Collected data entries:
lemma bin_weight_bounds:
  assumes "S > 1" "j * S + e * Lsz S \<le> z" "z \<le> Msz S"
  shows "j * S + e * (Msz S - S) \<le> bin_weight S z" "e * Msz S \<le> bin_weight S z"
proof -
  have "j * S + e * (Msz S - S) \<le> bin_weight S z \<and> e * Msz S \<le> bin_weight S z"
  proof (cases "e = 0")
    case True
    then show ?thesis using assms by (simp add: bin_weight_def)
  next
    case False
    have "Lsz S \<le> e * Lsz S" using False by simp
    then have "e * Lsz S \<le> Msz S" "j * S + Lsz S \<le> Msz S"
      using assms(2,3) by linarith+
    moreover have "Msz S < 2 * Lsz S" "Msz S < 2 * S + Lsz S"
      using assms(1) by (simp_all add: Lsz_def Msz_def)
    ultimately have "e * Lsz S < 2 * Lsz S" "j * S < 2 * S" by linarith+
    then have "e = 1" "j \<le> 1" using False by auto
    then show ?thesis using assms by (cases j) (auto simp: bin_weight_def Lsz_def Msz_def)
  qed
  then show "j * S + e * (Msz S - S) \<le> bin_weight S z" "e * Msz S \<le> bin_weight S z" by auto
qed

lemma rounded_cost_lower_bounds:
  assumes "S > 1" "bins_ok S \<sigma>" "is_packing S \<sigma> s l g"
  shows "s * S + l * (Msz S - S) \<le> rounded_cost S \<sigma> s l g"
    and "l * Msz S \<le> rounded_cost S \<sigma> s l g"
proof -
  let ?U = "used_bins \<sigma> s l g"
  let ?j = "\<lambda>b. card (small_items s g b)" and ?e = "\<lambda>b. card (large_items s l g b)"
  have bounds: "?j b * S + ?e b * (Msz S - S) \<le> bin_weight S (\<sigma> ! b)"
    "?e b * Msz S \<le> bin_weight S (\<sigma> ! b)" if "b \<in> ?U" for b
    using that bin_weight_bounds[OF assms(1) packing_load_le[OF assms(3)] bins_ok_le_Msz[OF assms(2)]]
    by (auto simp: used_bins_def)
  have sums: "(\<Sum>b\<in>?U. ?j b) = s" "(\<Sum>b\<in>?U. ?e b) = l"
    using sum_card_small_items[OF assms(3)] sum_card_large_items[OF assms(3)] .
  have "s * S + l * (Msz S - S) = (\<Sum>b\<in>?U. ?j b * S + ?e b * (Msz S - S))"
    unfolding sum.distrib sum_distrib_right[symmetric] sums ..
  also have "\<dots> \<le> rounded_cost S \<sigma> s l g"
    unfolding rounded_cost_def using bounds(1) by (rule sum_mono)
  finally show "s * S + l * (Msz S - S) \<le> rounded_cost S \<sigma> s l g" .
  have "l * Msz S = (\<Sum>b\<in>?U. ?e b * Msz S)"
    unfolding sum_distrib_right[symmetric] sums ..
  also have "\<dots> \<le> rounded_cost S \<sigma> s l g"
    unfolding rounded_cost_def using bounds(2) by (rule sum_mono)
  finally show "l * Msz S \<le> rounded_cost S \<sigma> s l g" .
qed

lemma rounded_cost_eq:
  "rounded_cost S \<sigma> s l g = card (used_bins \<sigma> s l g \<inter> big_bins S \<sigma>) * Msz S
     + (\<Sum>b\<in>used_bins \<sigma> s l g - big_bins S \<sigma>. \<sigma> ! b)"
proof -
  let ?U = "used_bins \<sigma> s l g"
  have "?U \<inter> {b. Lsz S \<le> \<sigma> ! b} = ?U \<inter> big_bins S \<sigma>"
    "?U \<inter> - {b. Lsz S \<le> \<sigma> ! b} = ?U - big_bins S \<sigma>"
    by (auto simp: used_bins_def big_bins_def)
  then show ?thesis
    unfolding rounded_cost_def bin_weight_def by (simp add: sum.If_cases)
qed

lemma cost_add_rounded_cost_le:
  assumes "S > 1" "bins_ok S \<sigma>" "is_packing S \<sigma> 0 k f"
    and "used_bins \<sigma> s l g \<inter> big_bins S \<sigma> \<subseteq> used_bins \<sigma> 0 k f"
  shows "cost \<sigma> 0 k f + rounded_cost S \<sigma> s l g \<le> cost \<sigma> s l g + k * Msz S"
proof -
  define F where "F = used_bins \<sigma> 0 k f"
  define U where "U = used_bins \<sigma> s l g"
  define G where "G = U \<inter> big_bins S \<sigma>"
  define P where "P = (\<Sum>b\<in>G. \<sigma> ! b)"
  define Q where "Q = (\<Sum>b\<in>U - big_bins S \<sigma>. \<sigma> ! b)"
  have "G \<subseteq> F" "finite F" using assms(4) by (simp_all add: F_def U_def G_def)
  have "card F = k" unfolding F_def using card_used_bins_large_only[OF assms(1-3)] .
  then have "card G \<le> k" using card_mono[OF \<open>finite F\<close> \<open>G \<subseteq> F\<close>] by simp
  have "cost \<sigma> 0 k f = P + (\<Sum>b\<in>F - G. \<sigma> ! b)"
    unfolding cost_eq_sum_used_bins P_def F_def[symmetric]
    using sum.subset_diff[OF \<open>G \<subseteq> F\<close> \<open>finite F\<close>] by (simp add: add.commute)
  also have "(\<Sum>b\<in>F - G. \<sigma> ! b) \<le> (\<Sum>b\<in>F - G. Msz S)"
    using assms(2) by (intro sum_mono) (auto simp: F_def used_bins_def bins_ok_le_Msz)
  also have "\<dots> = (k - card G) * Msz S"
    using card_Diff_subset[OF finite_subset[OF \<open>G \<subseteq> F\<close> \<open>finite F\<close>] \<open>G \<subseteq> F\<close>] \<open>card F = k\<close>
    by simp
  finally have "cost \<sigma> 0 k f \<le> P + (k - card G) * Msz S" by simp
  moreover have "cost \<sigma> s l g = P + Q"
  proof -
    have "U - G = U - big_bins S \<sigma>" by (auto simp: G_def)
    then show ?thesis
      unfolding cost_eq_sum_used_bins P_def Q_def U_def[symmetric]
      using sum.subset_diff[of G U "nth \<sigma>"] by (simp add: G_def U_def add.commute)
  qed
  moreover have "rounded_cost S \<sigma> s l g = card G * Msz S + Q"
    by (simp add: rounded_cost_eq G_def Q_def U_def)
  moreover have "(k - card G) * Msz S + card G * Msz S = k * Msz S"
    using \<open>card G \<le> k\<close> by (simp flip: add_mult_distrib)
  ultimately show ?thesis by linarith
qed

lemma bound_correction_nonneg:
  assumes "S > 1" "s + 2 * l \<le> 2 * k"
  shows "0 \<le> min 0 (int l - int s) * int S + (int k - int l) * int (Msz S)"
proof -
  have "- int s * int S \<le> min 0 (int l - int s) * int S"
    by (intro mult_right_mono) auto
  moreover have "int s * int S \<le> (int k - int l) * int (Msz S)"
  proof -
    have "int s * int S \<le> (2 * (int k - int l)) * int S"
      using assms(2) by (intro mult_right_mono) auto
    also have "\<dots> = (int k - int l) * (2 * int S)" by simp
    also have "\<dots> \<le> (int k - int l) * int (Msz S)"
      using assms by (intro mult_left_mono) (auto simp: Msz_def)
    finally show ?thesis .
  qed
  ultimately show ?thesis by linarith
qed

ASSIGNMENT ▸ Search the data and copy each line containing "thesis".

SOLUTION ▸
    then show ?thesis using assms by (simp add: bin_weight_def)
    then show ?thesis using assms by (cases j) (auto simp: bin_weight_def Lsz_def Msz_def)
  then show ?thesis
    then show ?thesis
  ultimately show ?thesis by linarith
    finally show ?thesis .
  ultimately show ?thesis by linarith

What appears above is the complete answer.